Tag Archives: walking boots

The World Revolves Around Cleethorpes

Walking is difficult right now, the tracks and paths are wet and muddy and it is best to keep to the pavements so we drove to Cleethorpes and the seaside…

It is a rather outrageous claim I am inclined to agree but there is no disputing that the Greenwich Meridian passes through the Town and the Council have erected a monument to celebrate the fact.

The line runs north from the Channel coast at Peacehaven, shaving Lewes and East Grinstead in Sussex before heading through the suburbs of south London to the Royal Observatory at Greenwich, where the meridian was first calculated in 1851.

A brass line at the site marks the division between the eastern and western hemispheres and is a popular place for people to be photographed with one foot in each. Visitors do exactly the same thing in Cleethorpes.

The meridian continues north through Leyton and Walthamstow in north- east London to Waltham Abbey in Essex. Then it passes the eastern edge of Royston in Hertfordshire and the western side of Cambridge before crossing the Fens and running up through Lincolnshire, just missing Holbeach, Boston and Louth.

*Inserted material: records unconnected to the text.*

(* Let $N\ge2$. Equip the space of real symmetric $N\times N$ matrices with the inner product $\langle A|B\rangle=\operatorname{Tr}(AB)$ and norm $\|A\|=\sqrt{\langle A|A\rangle}$, and write $\hat A=A-\mathbb{1}_N$. (i) Every Ising matrix $\boldsymbol\gamma\in\mathcal{I}$ satisfies $\|\hat{\boldsymbol\gamma}\|=\sqrt{N(N-1)}$. (ii) For $0\le k\le\lfloor N/2\rfloor$ and every $\boldsymbol\gamma\in\mathcal{I}_k$, $\langle\hat{\boldsymbol\gamma}|\hat A_0\rangle=(N-2k)^2-N$. (iii) For every $\boldsymbol\gamma\in\mathcal{I}_k$, $\|\boldsymbol\gamma-A_0\|=2\sqrt{2k(N-k)}$. (iv) The barycenter $B_k=\frac{1}{|\mathcal{I}_k|}\sum_{\boldsymbol\gamma\in\mathcal{I}_k}\boldsymbol\gamma$ satisfies $B_k=\Bigl(1-\frac{4k(N-k)}{N(N-1)}\Bigr)A_0+\frac{4k(N-k)}{N(N-1)}\mathbb{1}_N$.
   Context: An Ising matrix is a matrix $\mathbf{s}\mathbf{s}^\top$ with $\mathbf{s}\in\{+1,-1\}^N$ (a column vector); $\mathcal{I}$ is the set of all Ising matrices (the rank-one elements of the set of positive semi-definite symmetric $N\times N$ matrices with unit diagonal). For $\mathcal{K}\subseteq\{1,\ldots,N\}$, $A_{\mathcal K}$ denotes the Ising matrix of the vector with $s_\mu=-1$ for $\mu\in\mathcal K$ and $s_\mu=+1$ otherwise; $A_0=A_\emptyset$ is the all-ones matrix. For $0\le k\le\lfloor N/2\rfloor$, $\mathcal{I}_k=\{A_{\mathcal K}:|\mathcal K|=k\}$ (as a set of matrices). $\mathbb{1}_N$ is the identity matrix. *)

theory Defs
  imports "HOL-Analysis.Analysis"
begin

text \<open>N x N real matrices indexed by a finite type 'n, N = CARD('n).\<close>

definition ising_mat :: "real^'n \<Rightarrow> real^'n^'n" where
  "ising_mat s = (\<chi> i j. s$i * s$j)"

definition ising_set :: "(real^'n^'n) set" where
  "ising_set = {ising_mat s | s. \<forall>i. s$i = 1 \<or> s$i = -1}"

definition A_of :: "'n set \<Rightarrow> real^'n^'n" where
  "A_of K = ising_mat (\<chi> i. if i \<in> K then -1 else 1)"

definition A0 :: "real^'n^'n" where
  "A0 = A_of {}"

definition ising_k :: "nat \<Rightarrow> (real^'n^'n) set" where
  "ising_k k = {A_of K | K::'n set. card K = k}"

definition minner :: "real^'n^'n \<Rightarrow> real^'n^'n \<Rightarrow> real" where
  "minner A B = trace (A ** B)"

definition mnorm :: "real^'n^'n \<Rightarrow> real" where
  "mnorm A = sqrt (minner A A)"

definition hat :: "real^'n^'n \<Rightarrow> real^'n^'n" where
  "hat A = A - mat 1"

definition barycenter :: "nat \<Rightarrow> real^'n^'n" where
  "barycenter k = (1 / real (card (ising_k k :: (real^'n^'n) set))) *\<^sub>R (\<Sum>g\<in>ising_k k. g)"

end

theory Submission
  imports Defs
begin

text \<open>Everything is an entrywise computation with the spins \<open>s\<^sub>i = \<plusminus>1\<close> of an Ising
matrix: its entries are \<open>s\<^sub>i s\<^sub>j\<close>, so its diagonal is \<open>1\<close> and its entries sum to
\<open>(\<Sum>\<^sub>i s\<^sub>i)\<^sup>2 = (N - 2k)\<^sup>2\<close>. For the barycenter \<open>B\<^sub>k\<close>, relabelling the coordinates by a
permutation maps \<open>\<I>\<^sub>k\<close> onto itself, so all off-diagonal entries of \<open>B\<^sub>k\<close> coincide; its
diagonal is \<open>1\<close> and its entries sum to \<open>(N - 2k)\<^sup>2\<close>, which pins down the off-diagonal value.
Working with the set \<open>\<I>\<^sub>k\<close> directly avoids counting the coincidence \<open>A\<^sub>K = A\<^bsub>-K\<^esub>\<close>
that occurs when \<open>2k = N\<close>.\<close>

definition spin :: "'n set \<Rightarrow> 'n \<Rightarrow> real" where
  "spin K i = (if i \<in> K then -1 else 1)"

lemma A_of_nth: "A_of K $ i $ j = spin K i * spin K j"
  by (simp add: A_of_def ising_mat_def spin_def)

lemma A_of_diag [simp]: "A_of K $ i $ i = 1"
  by (simp add: A_of_nth spin_def)

lemma A0_nth [simp]: "A0 $ i $ j = 1"
  by (simp add: A0_def A_of_nth spin_def)

lemma minner_eq_sum: "minner A B = (\<Sum>i\<in>UNIV. \<Sum>j\<in>UNIV. A $ i $ j * B $ j $ i)"
  by (simp add: minner_def trace_def matrix_matrix_mult_def)

lemma sum_spin:
  fixes K :: "'n::finite set"
  shows "sum (spin K) UNIV = real CARD('n) - 2 * real (card K)"
proof -
  have "sum (spin K) UNIV = (\<Sum>i\<in>UNIV. 1 - 2 * (if i \<in> K then 1 else 0))"
    by (rule sum.cong) (auto simp: spin_def)
  then show ?thesis
    by (simp add: sum_subtractf sum_distrib_left[symmetric] sum.If_cases)
qed

lemma sum_A_of_entries:
  fixes K :: "'n::finite set"
  shows "(\<Sum>i\<in>UNIV. \<Sum>j\<in>UNIV. A_of K $ i $ j) = (real CARD('n) - 2 * real (card K))\<^sup>2"
  unfolding A_of_nth sum_product[symmetric] sum_spin power2_eq_square ..

lemma sum_off_diagonal_ones:
  "(\<Sum>j\<in>UNIV. if (i::'n::finite) = j then 0 else 1::real) = real CARD('n) - 1"
  by (simp add: sum.If_cases Compl_eq_Diff_UNIV)

lemma mnorm_hat_ising_mat:
  fixes s :: "real^'n::finite"
  assumes s: "\<forall>i. s $ i = 1 \<or> s $ i = -1"
  shows "mnorm (hat (ising_mat s)) = sqrt (real CARD('n) * (real CARD('n) - 1))"
proof -
  have "hat (ising_mat s) $ i $ j * hat (ising_mat s) $ j $ i = (if i = j then 0 else 1)" for i j
    using s[rule_format, of i] s[rule_format, of j]
    by (auto simp: hat_def ising_mat_def mat_def)
  then show ?thesis
    by (simp add: mnorm_def minner_eq_sum sum_off_diagonal_ones)
qed

lemma minner_hat_A_of_hat_A0:
  fixes K :: "'n::finite set"
  shows "minner (hat (A_of K)) (hat A0) = (real CARD('n) - 2 * real (card K))\<^sup>2 - real CARD('n)"
proof -
  have "hat (A_of K) $ i $ j * hat A0 $ j $ i = A_of K $ i $ j - (if i = j then 1 else 0)" for i j
    by (simp add: hat_def mat_def)
  then show ?thesis
    by (simp add: minner_eq_sum sum_subtractf sum_A_of_entries)
qed

lemma mnorm_A_of_minus_A0:
  fixes K :: "'n::finite set"
  shows "mnorm (A_of K - A0) = 2 * sqrt (2 * real (card K) * (real CARD('n) - real (card K)))"
proof -
  have "(A_of K - A0) $ i $ j * (A_of K - A0) $ j $ i = 2 - 2 * A_of K $ i $ j" for i j
    by (auto simp: A_of_nth spin_def)
  then have "minner (A_of K - A0) (A_of K - A0)
      = 2 * real CARD('n) * real CARD('n) - 2 * (real CARD('n) - 2 * real (card K))\<^sup>2"
    by (simp add: minner_eq_sum sum_subtractf sum_distrib_left[symmetric] sum_A_of_entries)
  also have "\<dots> = 2\<^sup>2 * (2 * real (card K) * (real CARD('n) - real (card K)))"
    by (simp add: power2_eq_square algebra_simps)
  finally show ?thesis
    by (simp only: mnorm_def real_sqrt_mult[of "2\<^sup>2"] real_sqrt_abs)
qed

lemma ising_k_permute:
  fixes p :: "'n::finite \<Rightarrow> 'n"
  assumes p: "bij p" and g: "g \<in> ising_k k"
  shows "(\<chi> i j. g $ p i $ p j) \<in> ising_k k"
proof -
  obtain K where "g = A_of K" "card K = k"
    using g by (auto simp: ising_k_def)
  moreover have "(\<chi> i j. A_of K $ p i $ p j) = A_of (p -` K)"
    by (simp add: vec_eq_iff A_of_nth spin_def)
  moreover have "card (p -` K) = card K"
    using p by (simp add: card_vimage_inj bij_is_inj bij_is_surj)
  ultimately show ?thesis
    by (auto simp: ising_k_def)
qed

lemma sum_ising_k_permute:
  fixes p :: "'n::finite \<Rightarrow> 'n"
  assumes p: "bij p"
  shows "(\<Sum>g\<in>ising_k k. g $ p i $ p j) = (\<Sum>g\<in>ising_k k. g $ i $ j)"
proof (rule sum.reindex_bij_witness[where j = "\<lambda>g. \<chi> i j. g $ p i $ p j"
                                        and i = "\<lambda>g. \<chi> i j. g $ inv p i $ inv p j"])
  have "bij (inv p)"
    using p by (rule bij_imp_bij_inv)
  then show "(\<chi> i j. g $ inv p i $ inv p j) \<in> ising_k k" if "g \<in> ising_k k" for g
    using that by (rule ising_k_permute)
  show "(\<chi> i j. g $ p i $ p j) \<in> ising_k k" if "g \<in> ising_k k" for g
    using p that by (rule ising_k_permute)
qed (simp_all add: vec_eq_iff bij_is_inj bij_is_surj surj_f_inv_f p)

lemma exists_bij_map_pair:
  fixes i j i' j' :: 'a
  assumes "i \<noteq> j" "i' \<noteq> j'"
  shows "\<exists>p. bij p \<and> p i' = i \<and> p j' = j"
proof -
  define j1 where "j1 = Transposition.transpose i' i j'"
  have "j1 \<noteq> i"
    using assms by (auto simp: j1_def transpose_eq_iff)
  then show ?thesis
    using assms
    by (intro exI[of _ "Transposition.transpose j1 j \<circ> Transposition.transpose i' i"])
       (auto simp: j1_def bij_comp)
qed

lemma finite_ising_k [simp]: "finite (ising_k k :: (real^'n::finite^'n) set)"
proof -
  have "ising_k k = A_of ` {K :: 'n set. card K = k}"
    by (auto simp: ising_k_def)
  then show ?thesis
    by simp
qed

lemma ising_k_nonempty:
  assumes "k \<le> CARD('n::finite)"
  shows "(ising_k k :: (real^'n^'n) set) \<noteq> {}"
proof -
  obtain K :: "'n set" where "card K = k"
    using obtain_subset_with_card_n[of k "UNIV :: 'n set"] assms by auto
  then show ?thesis
    by (auto simp: ising_k_def)
qed

lemma barycenter_nth:
  "(barycenter k :: real^'n::finite^'n) $ i $ j
     = (\<Sum>g\<in>ising_k k. g $ i $ j) / real (card (ising_k k :: (real^'n^'n) set))"
  by (simp add: barycenter_def sum_component)

lemma barycenter_diag:
  assumes "k \<le> CARD('n::finite)"
  shows "(barycenter k :: real^'n^'n) $ i $ i = 1"
proof -
  have "g $ i $ i = 1" if "g \<in> ising_k k" for g :: "real^'n^'n"
    using that by (auto simp: ising_k_def)
  then show ?thesis
    using ising_k_nonempty[OF assms]
    by (simp add: barycenter_nth card_gt_0_iff)
qed

lemma barycenter_offdiag_eq:
  fixes i j i' j' :: "'n::finite"
  assumes "i \<noteq> j" "i' \<noteq> j'"
  shows "(barycenter k :: real^'n^'n) $ i' $ j' = barycenter k $ i $ j"
proof -
  obtain p :: "'n \<Rightarrow> 'n" where "bij p" "p i' = i" "p j' = j"
    using exists_bij_map_pair[OF assms] by blast
  then show ?thesis
    using sum_ising_k_permute[where p = p and k = k and i = i' and j = j']
    by (simp add: barycenter_nth)
qed

lemma sum_barycenter_entries:
  assumes "k \<le> CARD('n::finite)"
  shows "(\<Sum>i\<in>UNIV. \<Sum>j\<in>UNIV. (barycenter k :: real^'n^'n) $ i $ j)
       = (real CARD('n) - 2 * real k)\<^sup>2"
proof -
  let ?I = "ising_k k :: (real^'n^'n) set"
  have "(\<Sum>i\<in>UNIV. \<Sum>j\<in>UNIV. \<Sum>g\<in>?I. g $ i $ j) = (\<Sum>i\<in>UNIV. \<Sum>g\<in>?I. \<Sum>j\<in>UNIV. g $ i $ j)"
    by (rule sum.cong[OF refl], rule sum.swap)
  also have "\<dots> = (\<Sum>g\<in>?I. \<Sum>i\<in>UNIV. \<Sum>j\<in>UNIV. g $ i $ j)"
    by (rule sum.swap)
  also have "\<dots> = (\<Sum>g\<in>?I. (real CARD('n) - 2 * real k)\<^sup>2)"
    by (rule sum.cong) (auto simp: ising_k_def sum_A_of_entries)
  finally show ?thesis
    using ising_k_nonempty[OF assms]
    by (simp add: barycenter_nth sum_divide_distrib[symmetric] card_eq_0_iff)
qed

lemma barycenter_offdiag:
  fixes i j :: "'n::finite"
  assumes N2: "CARD('n) \<ge> 2" and kN: "k \<le> CARD('n)" and "i \<noteq> j"
  shows "(barycenter k :: real^'n^'n) $ i $ j
       = 1 - 4 * real k * (real CARD('n) - real k) / (real CARD('n) * (real CARD('n) - 1))"
proof -
  define N where "N = real CARD('n)"
  define c where "c = (barycenter k :: real^'n^'n) $ i $ j"
  have "(\<Sum>j'\<in>UNIV. (barycenter k :: real^'n^'n) $ i' $ j') = 1 + (N - 1) * c" for i'
  proof -
    have "(\<Sum>j'\<in>UNIV. (barycenter k :: real^'n^'n) $ i' $ j')
        = (\<Sum>j'\<in>UNIV. c + (if i' = j' then 1 - c else 0))"
      by (rule sum.cong)
         (auto simp: c_def barycenter_diag[OF kN] intro: barycenter_offdiag_eq[OF \<open>i \<noteq> j\<close>])
    then show ?thesis
      by (simp add: sum.distrib N_def algebra_simps)
  qed
  then have "N * (1 + (N - 1) * c) = (N - 2 * real k)\<^sup>2"
    using sum_barycenter_entries[OF kN] by (simp add: N_def)
  then have "c * (N * (N - 1)) = N * (N - 1) - 4 * real k * (N - real k)"
    by algebra
  moreover have "N * (N - 1) \<noteq> 0"
    using N2 by (simp add: N_def)
  ultimately have "c = 1 - 4 * real k * (N - real k) / (N * (N - 1))"
    by (simp add: field_simps)
  then show ?thesis
    by (simp add: c_def N_def)
qed

theorem proposition1:
  fixes k :: nat
  assumes N2: "CARD('n::finite) \<ge> 2"
    and kle: "k \<le> CARD('n) div 2"
  shows "(\<forall>g \<in> (ising_set :: (real^'n^'n) set).
            mnorm (hat g) = sqrt (real (CARD('n)) * (real (CARD('n)) - 1)))
       \<and> (\<forall>g \<in> (ising_k k :: (real^'n^'n) set).
            minner (hat g) (hat A0) = (real (CARD('n)) - 2 * real k)^2 - real (CARD('n)))
       \<and> (\<forall>g \<in> (ising_k k :: (real^'n^'n) set).
            mnorm (g - A0) = 2 * sqrt (2 * real k * (real (CARD('n)) - real k)))
       \<and> (barycenter k :: real^'n^'n) =
            (1 - 4 * real k * (real (CARD('n)) - real k) / (real (CARD('n)) * (real (CARD('n)) - 1))) *\<^sub>R A0
            + (4 * real k * (real (CARD('n)) - real k) / (real (CARD('n)) * (real (CARD('n)) - 1))) *\<^sub>R mat 1"
proof (intro conjI)
  have kN: "k \<le> CARD('n)"
    using kle by simp
  show "\<forall>g \<in> (ising_set :: (real^'n^'n) set).
      mnorm (hat g) = sqrt (real (CARD('n)) * (real (CARD('n)) - 1))"
    by (auto simp: ising_set_def mnorm_hat_ising_mat)
  show "\<forall>g \<in> (ising_k k :: (real^'n^'n) set).
      minner (hat g) (hat A0) = (real (CARD('n)) - 2 * real k)^2 - real (CARD('n))"
    by (auto simp: ising_k_def minner_hat_A_of_hat_A0)
  show "\<forall>g \<in> (ising_k k :: (real^'n^'n) set).
      mnorm (g - A0) = 2 * sqrt (2 * real k * (real (CARD('n)) - real k))"
    by (auto simp: ising_k_def mnorm_A_of_minus_A0)
  show "(barycenter k :: real^'n^'n) =
      (1 - 4 * real k * (real (CARD('n)) - real k) / (real (CARD('n)) * (real (CARD('n)) - 1))) *\<^sub>R A0
      + (4 * real k * (real (CARD('n)) - real k) / (real (CARD('n)) * (real (CARD('n)) - 1))) *\<^sub>R mat 1"
    by (auto simp: vec_eq_iff mat_def barycenter_diag[OF kN] barycenter_offdiag[OF N2 kN])
qed

end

In total the imaginary line passes through six counties – Sussex, Greater London, Essex, Cambridgeshire, Lincolnshire and Yorkshire (just about).

From Cleethorpes it crosses the Humber estuary and the Holderness peninsula before heading out into the North Sea and up to the North Pole, touching no more land on the way.

Only six other countries besides England are host to the Greenwich meridian. It runs down through France (through the City of Le Mans) and eastern Spain (close to Zaragoza), across the Mediterranean and then through four nations in Africa – Algeria (the largest country in Africa – good quiz question), Mali, Burkina Faso and then Ghana before heading to the South Pole. These are the only six countries in the World genuinely in both the East and West hemispheres.